Los detenidos son un joven de 16 años y sus padres, quienes fueron identificados como R. D. P., un docente de Educación Especial, y una mujer de iniciales P. A. R.
La investigación se disparó tras un correo electrónico de un organismo especializado estadounidense que detectó la creación y tráfico de material de abuso sexual infantil (MASI) desde una IP localizada en la capital santiagueña.
Durante un allanamiento que se extendió por siete horas, los peritos no solo secuestraron celulares y computadoras, sino que lograron identificar el lugar exacto donde dos nenas de 4 y 5 años fueron vulneradas y grabadas.
Además, se incautaron prendas de vestir que serían clave para identificar a las víctimas mediante cotejos de ADN.
Frente a esto, el adolescente fue imputado por los delitos de tenencia, producción y distribución de material de abuso sexual infantil, además de abuso sexual con acceso carnal y corrupción de menores.
En el caso de sus padres, fueron acusados de tenencia con fines de distribución, producción y distribución de material de abuso sexual infantil, así como de corrupción de menores.
Ritos umbanda: ¿La pantalla del abuso?
Uno de los puntos más oscuros del caso radica en las actividades sociales de la familia.

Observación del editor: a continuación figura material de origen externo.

(* Let $|\psi\rangle\in\mathcal H_A\otimes\mathcal H_{A'}\otimes\mathcal H_B\otimes\mathcal H_{B'}$ be an embedding of a primitive $P_{X,Y}$. Then $$\Delta_\psi(P_{X,Y})=S(X;BB')-I(X;Y)=S(AA';Y)-I(X;Y).$$
   Context: A primitive is a joint distribution $P_{X,Y}$ on finite sets $\mathcal X\times\mathcal Y$. $\mathcal H_A,\mathcal H_B$ have computational orthonormal bases indexed by $\mathcal X$ and $\mathcal Y$; $\mathcal H_{A'},\mathcal H_{B'}$ are finite-dimensional (possibly trivial) work spaces of Alice and Bob. For a pure state $|\psi\rangle$ on $AA'BB'$, $X$ (resp. $Y$) denotes the outcome of measuring $A$ (resp. $B$) in the computational basis; entropic quantities are evaluated on the state obtained from $|\psi\rangle\langle\psi|$ by measuring exactly the registers named by $X$ or $Y$ and tracing out registers not mentioned (e.g. $S(X;BB')$: measure $A$, trace out $A'$, keep $BB'$ quantum; $S(AA';Y)$: measure $B$, trace out $B'$, keep $AA'$; $S(X;YB')$: measure $A,B$, trace out $A'$). Here $S(P;Q)=S(P)+S(Q)-S(PQ)$ with $S$ the von Neumann entropy, and $I(X;Y)$ is Shannon mutual information. $|\psi\rangle$ is an embedding of $P_{X,Y}$ if measuring $A$ and $B$ in the computational basis yields $(X,Y)$ distributed as $P_{X,Y}$ and $S(X;YB')=S(XA';Y)=I(X;Y)$. Its leakage is $\Delta_\psi(P_{X,Y}):=\max\{S(X;BB')-I(X;Y),\,S(AA';Y)-I(X;Y)\}$. *)

theory Defs
  imports "Jordan_Normal_Form.Char_Poly" "HOL-Library.Multiset"
begin

definition eigvals_mset :: "complex mat \<Rightarrow> complex multiset" where
  "eigvals_mset A = (THE M. char_poly A = (\<Prod>a\<in>#M. [:- a, 1:]))"

definition eta :: "real \<Rightarrow> real" where
  "eta t = (if t \<le> 0 then 0 else - t * log 2 t)"

definition vn_entropy :: "complex mat \<Rightarrow> real" where
  "vn_entropy \<rho> = (\<Sum>e\<in>#eigvals_mset \<rho>. eta (Re e))"

text \<open>Entropy of an operator given as a function on a finite index set I
  (via an arbitrary enumeration of I; the result does not depend on it).\<close>
definition op_entropy :: "'i set \<Rightarrow> ('i \<Rightarrow> 'i \<Rightarrow> complex) \<Rightarrow> real" where
  "op_entropy I f = (let es = (SOME es. distinct es \<and> set es = I) in
     vn_entropy (mat (length es) (length es) (\<lambda>(i,j). f (es ! i) (es ! j))))"

text \<open>A pure state on AA'BB' is a function psi on index lists [x,a,y,b] with
  x < d!0, a < d!1, y < d!2, b < d!3. Each register is either measured in the
  computational basis (Meas), kept quantum (Keep) or traced out (Tr).\<close>
datatype regmode = Meas | Keep | Tr

definition conf :: "nat list \<Rightarrow> regmode list \<Rightarrow> nat list set" where
  "conf d m = {c. length c = 4 \<and> (\<forall>r<4. if m ! r = Tr then c ! r = 0 else c ! r < d ! r)}"

definition full_conf :: "nat list \<Rightarrow> nat list set" where
  "full_conf d = conf d [Keep, Keep, Keep, Keep]"

definition agree :: "regmode list \<Rightarrow> nat list \<Rightarrow> nat list \<Rightarrow> bool" where
  "agree m c u = (\<forall>r<4. m ! r \<noteq> Tr \<longrightarrow> u ! r = c ! r)"

text \<open>Matrix entries of the state obtained from |psi><psi| by tracing out the Tr registers
  and measuring (dephasing) the Meas registers.\<close>
definition reduced :: "(nat list \<Rightarrow> complex) \<Rightarrow> nat list \<Rightarrow> regmode list \<Rightarrow> nat list \<Rightarrow> nat list \<Rightarrow> complex" where
  "reduced \<psi> d m c c' =
     (if \<exists>r<4. m ! r = Meas \<and> c ! r \<noteq> c' ! r then 0
      else (\<Sum>u\<in>full_conf d. \<Sum>u'\<in>full_conf d.
              if agree m c u \<and> agree m c' u' \<and> (\<forall>r<4. m ! r = Tr \<longrightarrow> u ! r = u' ! r)
              then \<psi> u * cnj (\<psi> u') else 0))"

definition S_of :: "(nat list \<Rightarrow> complex) \<Rightarrow> nat list \<Rightarrow> regmode list \<Rightarrow> real" where
  "S_of \<psi> d m = op_entropy (conf d m) (reduced \<psi> d m)"
lemma poisson_cdf_ge:
  assumes "\<mu> \<ge> 0" "d > 0" "\<mu> + d \<le> t"
  shows "1 - \<mu> / d\<^sup>2 \<le> poisson_cdf \<mu> t"
proof -
  define A where "A = {j. real j \<le> t}"
  have "(\<lambda>j. poisson_prob \<mu> j - (if j \<in> A then poisson_prob \<mu> j else 0)) sums (1 - poisson_cdf \<mu> t)"
    unfolding poisson_cdf_def A_def
    by (intro sums_diff poisson_prob_sums sums_If_finite_set finite_nat_le_real)
  moreover have "(\<lambda>j. poisson_prob \<mu> j - (if j \<in> A then poisson_prob \<mu> j else 0))
      = (\<lambda>j. if j \<in> - A then poisson_prob \<mu> j else 0)"
    by auto
  ultimately have "(\<lambda>j. if j \<in> - A then poisson_prob \<mu> j else 0) sums (1 - poisson_cdf \<mu> t)"
    by simp
  moreover have "d \<le> \<bar>real j - \<mu>\<bar>" if "j \<in> - A" for j
    using that assms(3) by (simp add: A_def)
  ultimately have "1 - poisson_cdf \<mu> t \<le> \<mu> / d\<^sup>2"
    by (rule poisson_Chebyshev[OF assms(1,2)])
  then show ?thesis by simp
qed

lemma poisson_cdf_le:
  assumes "\<mu> \<ge> 0" "d > 0" "t + d \<le> \<mu>"
  shows "poisson_cdf \<mu> t \<le> \<mu> / d\<^sup>2"
proof (rule poisson_Chebyshev[OF assms(1,2)])
  show "(\<lambda>j. if j \<in> {j. real j \<le> t} then poisson_prob \<mu> j else 0) sums poisson_cdf \<mu> t"
    unfolding poisson_cdf_def by (intro sums_If_finite_set finite_nat_le_real)
  show "d \<le> \<bar>real j - \<mu>\<bar>" if "j \<in> {j. real j \<le> t}" for j
    using that assms(3) by simp
qed

lemma poisson_cdf_near_step:
  assumes "\<mu> \<ge> 0" "d > 0" "d \<le> \<bar>t - \<mu>\<bar>"
  shows "\<bar>poisson_cdf \<mu> t - (if \<mu> \<le> t then 1 else 0)\<bar> \<le> \<mu> / d\<^sup>2"
proof (cases "\<mu> \<le> t")
  case True
  then have "1 - \<mu> / d\<^sup>2 \<le> poisson_cdf \<mu> t" using assms by (intro poisson_cdf_ge) auto
  then show ?thesis using True poisson_cdf_le_1[OF assms(1), of t] by simp
next
  case False
  then have "poisson_cdf \<mu> t \<le> \<mu> / d\<^sup>2" using assms by (intro poisson_cdf_le) auto
  then show ?thesis using False poisson_cdf_nonneg[OF assms(1), of t] by simp
qed

lemma tendsto_poisson_cdf:
  assumes c: "filterlim c at_top sequentially" and lim: "(\<lambda>m. \<mu> m / c m) \<longlonglongrightarrow> l"
    and "l \<noteq> x" and \<mu>: "\<And>m. \<mu> m \<ge> 0"
  shows "(\<lambda>m. poisson_cdf (\<mu> m) (x * c m)) \<longlonglongrightarrow> (if l \<le> x then 1 else 0)"
proof -
  define \<kappa> where "\<kappa> = \<bar>x - l\<bar> / 2"
  have "\<kappa> > 0" using \<open>l \<noteq> x\<close> by (simp add: \<kappa>_def)
  define B where "B m = \<mu> m / (\<kappa> * c m)\<^sup>2" for m
  have "(\<lambda>m. \<mu> m / c m * inverse (c m) / \<kappa>\<^sup>2) \<longlonglongrightarrow> l * 0 / \<kappa>\<^sup>2"
    by (intro tendsto_divide tendsto_mult lim tendsto_inverse_0_at_top[OF c] tendsto_const)
      (use \<open>\<kappa> > 0\<close> in simp)
  moreover have "\<mu> m / c m * inverse (c m) / \<kappa>\<^sup>2 = B m" for m
    by (simp add: B_def divide_inverse power2_eq_square inverse_mult_distrib mult_ac)
  ultimately have B: "B \<longlonglongrightarrow> 0" by simp
  have "eventually (\<lambda>m. c m > 0) sequentially"
    using c filterlim_at_top_dense by blast
  then have "eventually (\<lambda>m. \<bar>poisson_cdf (\<mu> m) (x * c m) - (if l \<le> x then 1 else 0)\<bar> \<le> B m) sequentially"
    using tendstoD[OF lim \<open>\<kappa> > 0\<close>]
  proof eventually_elim
    case (elim m)
    have "(\<mu> m / c m - l) * c m = \<mu> m - l * c m" using elim by (simp add: field_simps)
    then have "\<bar>\<mu> m - l * c m\<bar> = \<bar>\<mu> m / c m - l\<bar> * c m" using elim by (metis abs_mult abs_of_pos)
    then have close: "\<bar>\<mu> m - l * c m\<bar> < \<kappa> * c m" using elim by (simp add: dist_real_def)
    have gap: "\<bar>x * c m - l * c m\<bar> = 2 * (\<kappa> * c m)"
      using elim by (simp add: \<kappa>_def abs_mult left_diff_distrib[symmetric])
    have "\<bar>x * c m - l * c m\<bar> \<le> \<bar>x * c m - \<mu> m\<bar> + \<bar>\<mu> m - l * c m\<bar>"
      using abs_triangle_ineq[of "x * c m - \<mu> m" "\<mu> m - l * c m"] by simp
    then have sep: "\<kappa> * c m \<le> \<bar>x * c m - \<mu> m\<bar>" using close gap by linarith
    have "l * c m \<le> x * c m \<longleftrightarrow> l \<le> x" using elim by simp
    then have "\<mu> m \<le> x * c m \<longleftrightarrow> l \<le> x" using close gap sep by (auto simp: abs_if split: if_splits)
    then show ?case
      using poisson_cdf_near_step[OF \<mu> _ sep] elim \<open>\<kappa> > 0\<close> by (simp add: B_def)
  qed
  then have "eventually (\<lambda>m. norm (poisson_cdf (\<mu> m) (x * c m) - (if l \<le> x then 1 else 0)) \<le> B m)
      sequentially"
    by simp
  then have "(\<lambda>m. poisson_cdf (\<mu> m) (x * c m) - (if l \<le> x then 1 else 0)) \<longlonglongrightarrow> 0"
    by (rule Lim_null_comparison[OF _ B])
  then show ?thesis by (simp add: LIM_zero_iff)
qed

section \<open>Gamma densities\<close>

lemma gamma_density_measurable [measurable]: "gamma_density a b \<in> borel_measurable borel"
  unfolding gamma_density_def by measurable

lemma gamma_density_nonneg: "a > 0 \<Longrightarrow> gamma_density a b x \<ge> 0"
  by (simp add: gamma_density_def Gamma_real_pos)

lemma gamma_density_nonpos [simp]: "x \<le> 0 \<Longrightarrow> gamma_density a b x = 0"
  by (simp add: gamma_density_def)

lemma nn_integral_gamma_density:
  assumes a: "a > 0" and b: "b > 0"
  shows "(\<integral>\<^sup>+x. ennreal (gamma_density a b x) \<partial>lborel) = 1"
proof -
  define f where "f t = ennreal (indicator {0..} t * t powr (a - 1) / exp t)" for t :: real
  have fm[measurable]: "f \<in> borel_measurable borel" unfolding f_def by measurable
  have G: "ennreal (Gamma a) = (\<integral>\<^sup>+t. f t \<partial>lborel)"
    unfolding f_def using Gamma_conv_nn_integral_real[OF a] by simp
  also have "\<dots> = ennreal b * (\<integral>\<^sup>+x. f (0 + b * x) \<partial>lborel)"
    using nn_integral_real_affine[OF fm, of b 0] b by simp
  finally have G2: "ennreal (Gamma a) = ennreal b * (\<integral>\<^sup>+x. f (b * x) \<partial>lborel)" by simp
  have Gpos: "Gamma a > 0" using a by (rule Gamma_real_pos)
  have pt: "ennreal (gamma_density a b x) = ennreal (b / Gamma a) * f (b * x)" for x
  proof (cases "x > 0")
    case True
    have "(b * x) powr (a - 1) = b powr (a - 1) * x powr (a - 1)"
      using True b by (simp add: powr_mult)
    moreover have "b powr a = b * b powr (a - 1)"
      using b by (simp add: powr_diff)
    ultimately have "gamma_density a b x = b / Gamma a * ((b * x) powr (a - 1) / exp (b * x))"
      using True by (simp add: gamma_density_def exp_minus field_simps)
    then show ?thesis using True b Gpos
      by (simp add: f_def ennreal_mult[symmetric] indicator_def)
  next
    case False
    then have "b * x \<le> 0" using b by (simp add: mult_nonneg_nonpos)
    then have "f (b * x) = 0" unfolding f_def by (cases "b * x = 0") (auto simp: indicator_def)
    then show ?thesis using False by simp
  qed
  have "(\<integral>\<^sup>+x. ennreal (gamma_density a b x) \<partial>lborel) = ennreal (b / Gamma a) * (\<integral>\<^sup>+x. f (b * x) \<partial>lborel)"
    unfolding pt by (rule nn_integral_cmult) measurable
  also have "\<dots> = ennreal (1 / Gamma a) * (ennreal b * (\<integral>\<^sup>+x. f (b * x) \<partial>lborel))"
    using b Gpos by (simp add: ennreal_mult[symmetric] mult.assoc[symmetric])
  also have "\<dots> = ennreal (1 / Gamma a) * ennreal (Gamma a)" unfolding G2 ..
  also have "\<dots> = 1" using Gpos by (simp add: ennreal_mult[symmetric])
  finally show ?thesis .
qed

lemma integrable_gamma_density:
  assumes "a > 0" "b > 0"
  shows "integrable lborel (gamma_density a b)"
  by (rule integrableI_nn_integral_finite[where x=1]) (use assms gamma_density_nonneg nn_integral_gamma_density in auto)

lemma integral_gamma_density:
  assumes "a > 0" "b > 0"
  shows "(\<integral>x. gamma_density a b x \<partial>lborel) = 1"
  using assms by (subst integral_eq_nn_integral) (auto simp: gamma_density_nonneg nn_integral_gamma_density)

lemma integrable_bounded_mult_gamma_density:
  assumes "a > 0" "b > 0" and hm[measurable]: "h \<in> borel_measurable borel" and hb: "\<And>x. x > 0 \<Longrightarrow> \<bar>h x\<bar> \<le> 1"
  shows "integrable lborel (\<lambda>x. h x * gamma_density a b x)"
proof (rule Bochner_Integration.integrable_bound[OF integrable_gamma_density[OF assms(1,2)]])
  show "(\<lambda>x. h x * gamma_density a b x) \<in> borel_measurable lborel" by measurable
  show "AE x in lborel. norm (h x * gamma_density a b x) \<le> norm (gamma_density a b x)"
  proof (rule AE_I2)
    fix x show "norm (h x * gamma_density a b x) \<le> norm (gamma_density a b x)"
    proof (cases "x > 0")
      case True then show ?thesis using hb[OF True] gamma_density_nonneg[OF assms(1), of b x]
        by (auto simp: abs_mult intro!: mult_left_le_one_le)
    qed simp
  qed
qed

Los investigadores descubrieron que en el domicilio se realizaban reuniones de la religión umbanda.
La hipótesis principal: mientras los adultos participaban de los rituales y ceremonias, el adolescente habría aprovechado esos momentos para someter a las menores.
Actualmente, la causa se encuentra bajo secreto de sumario. Se espera que en las próximas horas se cite a otros integrantes de la comunidad religiosa para determinar si existen más víctimas o si hubo complicidad por parte de terceros en esta red de horror local.